lemma twin_matching_concat_perms:
  assumes perms: "\<forall>x\<in>set u. \<sigma> x \<in> perms K"
    and lcs: "\<forall>x\<in>set u. \<forall>y\<in>set u. x \<noteq> y \<longrightarrow> LCS (\<sigma> x) (\<sigma> y) \<le> L"
    and match: "twin_matching (concat (map \<sigma> u)) P"
  shows "\<exists>P'. twin_matching u P' \<and> card P \<le> 2 * length u * L + K * card P'"
proof (cases "K = 0")
  case True
  then have "P = {}"
    using twin_matching_concat_perms_pair[OF perms match] by fastforce
  moreover have "twin_matching u {}" by (simp add: twin_matching_def strict_chain_def)
  ultimately show ?thesis by auto
next
  case False
  then obtain P' where P': "twin_matching u P'"
    "card {p\<in>P. u ! (fst p div K) = u ! (snd p div K)} \<le> K * card P'"
    using card_pairs_equal_letters[OF _ perms match] by blast
  have "card P \<le> card {p\<in>P. u ! (fst p div K) \<noteq> u ! (snd p div K)}
      + card {p\<in>P. u ! (fst p div K) = u ! (snd p div K)}"
    by (rule order_trans[OF _ card_Un_le]) (rule eq_imp_le, rule arg_cong[where f = card], auto)
  with P' card_pairs_distinct_letters[OF perms lcs match] show ?thesis by fastforce
qed

section \<open>Codes attaining \<open>LCS\<^sub>2(2K, \<P>\<^sub>K)\<close>\<close>

lemma two_mult_le_fact: "3 \<le> k \<Longrightarrow> 2 * k \<le> fact k"
proof (induction k rule: dec_induct)
  case base
  then show ?case by (simp add: fact_numeral)
next
  case (step n)
  have "2 * Suc n \<le> 2 * n * Suc n" using step.hyps by simp
  also have "\<dots> \<le> fact n * Suc n" using step.IH by (intro mult_le_mono1) simp
  finally show ?case by (simp add: algebra_simps)
qed

lemma perms_eq_permutations_of_set: "perms K = permutations_of_set {1..K}"
  unfolding perms_def permutations_of_set_def by auto

lemma finite_perms: "finite (perms K)"
  by (simp add: perms_eq_permutations_of_set finite_permutations_of_set)

lemma card_perms: "card (perms K) = fact K"
  by (simp add: perms_eq_permutations_of_set)

lemma ex_perm_set_attaining_LCS2:
  assumes "3 \<le> K"
  obtains S where "S \<subseteq> perms K" "card S = 2 * K"
    "\<And>p q. p \<in> S \<Longrightarrow> q \<in> S \<Longrightarrow> p \<noteq> q \<Longrightarrow> LCS p q \<le> LCS2_perms (2 * K) K"
proof -
  define vals where "vals S = {LCS p q | p q. p \<in> S \<and> q \<in> S \<and> p \<noteq> q}" for S
  define SS where "SS = {S. S \<subseteq> perms K \<and> card S = 2 * K}"
  have "2 * K \<le> card (perms K)" using two_mult_le_fact[OF assms] by (simp add: card_perms)
  then obtain T where "T \<subseteq> perms K" "card T = 2 * K" by (rule obtain_subset_with_card_n)
  then have "SS \<noteq> {}" unfolding SS_def by auto
  moreover have "finite SS" unfolding SS_def using finite_perms by simp
  ultimately have "Min ((\<lambda>S. Max (vals S)) ` SS) \<in> (\<lambda>S. Max (vals S)) ` SS" by (intro Min_in) auto
  moreover have "LCS2_perms (2 * K) K = Min ((\<lambda>S. Max (vals S)) ` SS)"
    unfolding LCS2_perms_def vals_def SS_def by (rule arg_cong[where f = Min]) auto
  ultimately obtain S where S: "S \<in> SS" "LCS2_perms (2 * K) K = Max (vals S)" by auto
  have "finite S" using S(1) finite_perms unfolding SS_def by (auto intro: finite_subset)
  moreover have "vals S \<subseteq> (\<lambda>(p, q). LCS p q) ` (S \<times> S)" unfolding vals_def by auto
  ultimately have "finite (vals S)" by (auto intro: finite_subset)
  then have "LCS p q \<le> LCS2_perms (2 * K) K" if "p \<in> S" "q \<in> S" "p \<noteq> q" for p q
    using that S(2) unfolding vals_def by (auto intro: Max_ge)
  with S(1) that show ?thesis unfolding SS_def by blast
qed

========================

**Task brief**
Reproduce the material word for word. Leave nothing out.

**Your response**
lemma twin_matching_concat_perms:
  assumes perms: "\<forall>x\<in>set u. \<sigma> x \<in> perms K"
    and lcs: "\<forall>x\<in>set u. \<forall>y\<in>set u. x \<noteq> y \<longrightarrow> LCS (\<sigma> x) (\<sigma> y) \<le> L"
    and match: "twin_matching (concat (map \<sigma> u)) P"
  shows "\<exists>P'. twin_matching u P' \<and> card P \<le> 2 * length u * L + K * card P'"
proof (cases "K = 0")
  case True
  then have "P = {}"
    using twin_matching_concat_perms_pair[OF perms match] by fastforce
  moreover have "twin_matching u {}" by (simp add: twin_matching_def strict_chain_def)
  ultimately show ?thesis by auto
next
  case False
  then obtain P' where P': "twin_matching u P'"
    "card {p\<in>P. u ! (fst p div K) = u ! (snd p div K)} \<le> K * card P'"
    using card_pairs_equal_letters[OF _ perms match] by blast
  have "card P \<le> card {p\<in>P. u ! (fst p div K) \<noteq> u ! (snd p div K)}
      + card {p\<in>P. u ! (fst p div K) = u ! (snd p div K)}"
    by (rule order_trans[OF _ card_Un_le]) (rule eq_imp_le, rule arg_cong[where f = card], auto)
  with P' card_pairs_distinct_letters[OF perms lcs match] show ?thesis by fastforce
qed

section \<open>Codes attaining \<open>LCS\<^sub>2(2K, \<P>\<^sub>K)\<close>\<close>

lemma two_mult_le_fact: "3 \<le> k \<Longrightarrow> 2 * k \<le> fact k"
proof (induction k rule: dec_induct)
  case base
  then show ?case by (simp add: fact_numeral)
next
  case (step n)
  have "2 * Suc n \<le> 2 * n * Suc n" using step.hyps by simp
  also have "\<dots> \<le> fact n * Suc n" using step.IH by (intro mult_le_mono1) simp
  finally show ?case by (simp add: algebra_simps)
qed

lemma perms_eq_permutations_of_set: "perms K = permutations_of_set {1..K}"
  unfolding perms_def permutations_of_set_def by auto

lemma finite_perms: "finite (perms K)"
  by (simp add: perms_eq_permutations_of_set finite_permutations_of_set)

lemma card_perms: "card (perms K) = fact K"
  by (simp add: perms_eq_permutations_of_set)

lemma ex_perm_set_attaining_LCS2:
  assumes "3 \<le> K"
  obtains S where "S \<subseteq> perms K" "card S = 2 * K"
    "\<And>p q. p \<in> S \<Longrightarrow> q \<in> S \<Longrightarrow> p \<noteq> q \<Longrightarrow> LCS p q \<le> LCS2_perms (2 * K) K"
proof -
  define vals where "vals S = {LCS p q | p q. p \<in> S \<and> q \<in> S \<and> p \<noteq> q}" for S
  define SS where "SS = {S. S \<subseteq> perms K \<and> card S = 2 * K}"
  have "2 * K \<le> card (perms K)" using two_mult_le_fact[OF assms] by (simp add: card_perms)
  then obtain T where "T \<subseteq> perms K" "card T = 2 * K" by (rule obtain_subset_with_card_n)
  then have "SS \<noteq> {}" unfolding SS_def by auto
  moreover have "finite SS" unfolding SS_def using finite_perms by simp
  ultimately have "Min ((\<lambda>S. Max (vals S)) ` SS) \<in> (\<lambda>S. Max (vals S)) ` SS" by (intro Min_in) auto
  moreover have "LCS2_perms (2 * K) K = Min ((\<lambda>S. Max (vals S)) ` SS)"
    unfolding LCS2_perms_def vals_def SS_def by (rule arg_cong[where f = Min]) auto
  ultimately obtain S where S: "S \<in> SS" "LCS2_perms (2 * K) K = Max (vals S)" by auto
  have "finite S" using S(1) finite_perms unfolding SS_def by (auto intro: finite_subset)
  moreover have "vals S \<subseteq> (\<lambda>(p, q). LCS p q) ` (S \<times> S)" unfolding vals_def by auto
  ultimately have "finite (vals S)" by (auto intro: finite_subset)
  then have "LCS p q \<le> LCS2_perms (2 * K) K" if "p \<in> S" "q \<in> S" "p \<noteq> q" for p q
    using that S(2) unfolding vals_def by (auto intro: Max_ge)
  with S(1) that show ?thesis unfolding SS_def by blast
qed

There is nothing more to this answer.